Simion criticised the Commission’s interference in national politics, giving as an example Commission President Ursula von der Leyen’s comments ahead of the Italian elections in February 2023.

He agreed, though, that AUR would follow the example of Meloni’s recent rapprochement with the Commission, von der Leyen, and other European political parties after coming to power.

“We will want a good relationship with the Commission and with all other institutions in Brussels, and the reality now in 2023 is that Ursula von der Leyen and Giorgia Meloni are best friends,” said Simion. 

“We don’t want to be an enemy of anyone sovereigntist or Green or Left and so on because they represent part of the people’s voice, and it’s hard not to have cooperation in mind,” he said.

However, AUR put a hard red line against Viktor Orban’s Fidesz, qualifying the Hungarian prime minister as having “dictatorship tendencies”. 

“Orban is more attached to Putin’s policy of changing borders. We think this is anachronistic; we don’t want to change borders, we want to cooperate and take down borders,” Simion said.  

But Romanian MEP Daniel Buda (EPP) was not convinced and told EURACTIV: “An AUR government for Romania and the EU would mean a second Orbán who would always question EU values, or worse, a David Cameron, the artisan of the Brexit referendum. Romania could easily end up in the same situation.”

He added that the AUR is “anti-system” and holds anti-vaccine beliefs and blames the EU for the COVID-19 pandemic, inflation, and rising energy prices.

The right ‘patriot’ friends

AUR has established ties with other far-right and right-wing formations from across Europe. 
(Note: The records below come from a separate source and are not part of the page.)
(* Let $d\geq 2$. Then $\mathcal{P}(z,\lambda)$, regarded as a function of both $z$ and $\lambda$, is irreducible: there are no $f_1,f_2$, each a Laurent polynomial in $z$ with coefficients polynomial in $\lambda$, neither of the form $Cz^a$ with $C\neq 0$ a constant and $a\in\mathbb{Z}^d$, such that $\mathcal{P}=f_1f_2$.
   Context: Fix positive integers $q_1,\dots,q_d$ with greatest common divisor $1$, $Q=q_1\cdots q_d$, $\Gamma=q_1\mathbb{Z}\oplus\cdots\oplus q_d\mathbb{Z}$, and a $\Gamma$-periodic $V:\mathbb{Z}^d\to\mathbb{C}$. The discrete Laplacian is $(\Delta u)(n)=\sum_{\|n'-n\|_1=1}u(n')$. Let $W=\{n\in\mathbb{Z}^d:0\le n_j\le q_j-1\}$. For $z\in(\mathbb{C}\setminus\{0\})^d$, the space of $u:\mathbb{Z}^d\to\mathbb{C}$ with $u(n+q_je_j)=z_ju(n)$ for all $j,n$ is identified with $\mathbb{C}^W$ by restriction; $\mathcal{D}(z)$ is the $Q\times Q$ matrix of $-\Delta+V$ on this space and $\mathcal{P}(z,\lambda)=\det(\mathcal{D}(z)-\lambda I)$. Here $z^a=z_1^{a_1}\cdots z_d^{a_d}$. *)

theory Defs
  imports "HOL-Analysis.Analysis" "HOL-Combinatorics.Permutations"
begin

text \<open>Lattice points of Z^d are functions 'd => int, 'd a finite index type with CARD('d) = d.
  The period vector is q :: 'd => nat.\<close>

definition zpow :: "('d::finite \<Rightarrow> complex) \<Rightarrow> ('d \<Rightarrow> int) \<Rightarrow> complex" where
  "zpow z a = (\<Prod>j\<in>UNIV. z j powi a j)"

definition Wdom :: "('d::finite \<Rightarrow> nat) \<Rightarrow> ('d \<Rightarrow> int) set" where
  "Wdom q = {n. \<forall>j. 0 \<le> n j \<and> n j < int (q j)}"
During the official presentation of AUR candidates for the EU Parliament on 21 July, the party invited a wide range of MEPs from various “friendly” political parties, including Italy’s Fratelli d’Italia (ECR) and Lega (ID), the Sweden Democrats (ECR), Conservative People’s Party of Estonia (ID), and Polands’ PiS (ECR). 

“I wait for you in Brussels, we need you,” Meloni’s Fratelli d’Italia MEP Carlo Fidanza told the rally, urging the patriots to have a common stand against the left.

Similarly, Charlie Weimers from the Sweden Democrats said, “the irony is that those in Brussels, they call themselves pro-European, but no, they are pro-EU, we are pro-European”. 

Commenting on AUR’s friends in Europe, Romanian MEP Dragos Pislaru (Renew), said the party is part of an anti-European wave that started rooted in illiberalism but has advanced to extremist speech and ideology.

“AUR is not alone in Europe, but has support from all these political forces that act similar in the EU,” adding that this includes preying on people’s fears through the use of “lies and illusions.”

“They are part of this anti-European wave..the COVID-19 pandemic, the war in Ukraine, high energy prices – all of these leave marks on citizens that are exploited by populist practices,” Pislaru said.